Let the fun begin. Pick your favorite configuration management tool, decide what you want to provision, setup your recipes and launch the instances.

Ansible

Our last exercise for this tutorial will be an introduction to Ansible. Ansible is a new configuration management systems based on ssh communications with the instances and a no-server setup. It is easy to install and get started. Of course it can be used in conjunction with Vagrant.

Install and remote execution

First install ansible:

pip install ansible

Or get it via packages yum install ansible, apt-get install ansible if you have set the proper repositories.

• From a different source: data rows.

(* Let $f,g_1,g_2\in L^2(\mathbb{R}^2\times\mathbb{R})$ with $\|f\|_{L^2}=\|g_1\|_{L^2}=\|g_2\|_{L^2}=1$ and $\operatorname{supp}f\subset\mathfrak{P}_N\cap\mathfrak{W}^\pm_L$, $\operatorname{supp}g_k\subset\mathfrak{P}_{N_k}\cap\mathfrak{S}_{L_k}$ ($k=1,2$), and assume $N\lesssim1$. Then $$\Big|\int f(\zeta_1-\zeta_2)g_1(\zeta_1)g_2(\zeta_2)\,d\zeta_1d\zeta_2\Big|\lesssim L^{1/3}L_1^{1/3}L_2^{1/3}.$$
   Context: Points are $\zeta=(\xi,\tau)\in\mathbb{R}^2\times\mathbb{R}$. All of $N,N_1,N_2,L,L_1,L_2$ are dyadic numbers $2^n$, $n\ge0$. $\mathfrak{P}_1=\{|\xi|\le2\}$, $\mathfrak{P}_N=\{N/2\le|\xi|\le2N\}$ ($N\ge2$); $\mathfrak{S}_1=\{|\tau+|\xi|^2|\le2\}$, $\mathfrak{S}_L=\{L/2\le|\tau+|\xi|^2|\le2L\}$; $\mathfrak{W}^\pm_1=\{|\tau\pm|\xi||\le2\}$, $\mathfrak{W}^\pm_L=\{L/2\le|\tau\pm|\xi||\le2L\}$ ($L\ge2$). $A\lesssim B$ means $A\le cB$ with an absolute constant $c$. *)

theory Defs
  imports "HOL-Analysis.Analysis"
begin

text \<open>Points \<zeta> = (\<xi>, \<tau>) with \<xi> \<in> R^2 (encoded as real \<times> real, Euclidean norm) and \<tau> \<in> R.\<close>
type_synonym pt = "(real \<times> real) \<times> real"

definition dyadic :: "real \<Rightarrow> bool" where
  "dyadic N \<longleftrightarrow> (\<exists>n::nat. N = 2 ^ n)"

definition Pset :: "real \<Rightarrow> pt set" where
  "Pset N = (if N = 1 then {z. norm (fst z) \<le> 2}
             else {z. N / 2 \<le> norm (fst z) \<and> norm (fst z) \<le> 2 * N})"

definition Sset :: "real \<Rightarrow> pt set" where
  "Sset L = (if L = 1 then {z. \<bar>snd z + (norm (fst z))\<^sup>2\<bar> \<le> 2}
             else {z. L / 2 \<le> \<bar>snd z + (norm (fst z))\<^sup>2\<bar> \<and> \<bar>snd z + (norm (fst z))\<^sup>2\<bar> \<le> 2 * L})"

text \<open>Wset s L with s \<in> {1, -1} is W^{\<plusminus>}_L: the condition on \<tau> + s |\<xi>|.\<close>
definition Wset :: "real \<Rightarrow> real \<Rightarrow> pt set" where
  "Wset s L = (if L = 1 then {z. \<bar>snd z + s * norm (fst z)\<bar> \<le> 2}
             else {z. L / 2 \<le> \<bar>snd z + s * norm (fst z)\<bar> \<and> \<bar>snd z + s * norm (fst z)\<bar> \<le> 2 * L})"

definition L2_unit :: "(pt \<Rightarrow> complex) \<Rightarrow> bool" where
  "L2_unit f \<longleftrightarrow> f \<in> borel_measurable lborel
      \<and> integrable lborel (\<lambda>z. (norm (f z))\<^sup>2)
      \<and> (\<integral>z. (norm (f z))\<^sup>2 \<partial>lborel) = 1"

end

theory Submission
  imports Defs
begin

text \<open>By Cauchy--Schwarz, in the form of weighted AM--GM, the trilinear form is bounded by
  the square root of the largest measure of a fibre
  \<open>{\<zeta>\<^sub>2 \<in> supp g\<^sub>2. \<zeta>\<^sub>1 - \<zeta>\<^sub>2 \<in> supp f}\<close>; the other two factors are controlled by
  \<open>\<parallel>g\<^sub>1\<parallel>\<^sub>2 = 1\<close> and, after a translation, by \<open>\<parallel>f\<parallel>\<^sub>2 = \<parallel>g\<^sub>2\<parallel>\<^sub>2 = 1\<close>.
  Since \<open>|\<xi>| \<le> 2N \<le> 2c\<^sub>0\<close> on the support of \<open>f\<close>, such a fibre lies over a disc of bounded
  radius, and over each \<open>\<xi>\<close> its \<open>\<tau>\<close>-section lies both in an interval of length \<open>O(L)\<close>
  (cone condition) and in one of length \<open>O(L\<^sub>2)\<close> (paraboloid condition). The fibres thus
  have measure \<open>O(min L L\<^sub>2)\<close>, and \<open>\<surd>(min L L\<^sub>2) \<le> L\<^sup>1\<^sup>/\<^sup>3 L\<^sub>1\<^sup>1\<^sup>/\<^sup>3 L\<^sub>2\<^sup>1\<^sup>/\<^sup>3\<close> as all
  modulations are at least 1.\<close>

lemma nn_integral_lborel_translate:
  fixes h :: "'a::euclidean_space \<Rightarrow> ennreal"
  assumes [measurable]: "h \<in> borel_measurable borel"
  shows "(\<integral>\<^sup>+a. h (a - b) \<partial>lborel) = (\<integral>\<^sup>+a. h a \<partial>lborel)"
proof -
  have "(\<integral>\<^sup>+a. h a \<partial>lborel) = (\<integral>\<^sup>+a. h a \<partial>distr lborel borel ((+) (-b)))"
    by (simp add: lborel_distr_plus)
  also have "\<dots> = (\<integral>\<^sup>+a. h (-b + a) \<partial>lborel)"
    by (rule nn_integral_distr) auto
  finally show ?thesis by simp
qed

If you kept the instances from the previous exercise running, create an inventory inv file with the IP addresses. Like so

185.1.2.3 185.3.4.5

Then run your first ansible command: ping:

ansible all -i inv -m ping

You should see the following output:

185.1.2.3 | success >> {
    "changed": false, 
    "ping": "pong"
}

185.3.4.5 | success >> {
    "changed": false, 
    "ping": "pong"
}

And see how you can use Ansible as a remote execution framework:

$ ansible all -i inv -a "/bin/echo hello"
185.1.2.3 | success | rc=0 >>
hello

185.3.4.5 | success | rc=0 >>
hello

Now check all the great Ansible examples, pick one, download it via github and try to configure your instances with ansible-playbook

Provisioning with Playbooks

Clone the ansible-examples outside your Vagrant project:

cd ..
git clone https://github.com/ansible/ansible-examples.git

Pick the one you want to try, go easy first :) Maybe wordpress or a lamp stack and copy it's content to a ansible directory within the root of the Vagrant project.

cd ./tutorial
mkdir ansible
cd ansible
cp -R ../../ansible-examples/wordpress-nginx/ .

Go back to the Vagrant project directory we have been working on and edit the Vagrantfile. Remove the Puppet provisioning or comment it out and add:

# Ansible test
config.vm.provision "ansible" do |ansible|
  ansible.playbook = "ansible/site.yml"
  ansible.verbose = "vvvv"
  ansible.host_key_checking = "false"
  ansible.sudo_user = "root"
end

And start the instance once again

vagrant up --provision=cloudstack

Watch the output from the Ansible provisioning and once finished access the wordpress application that was just configured.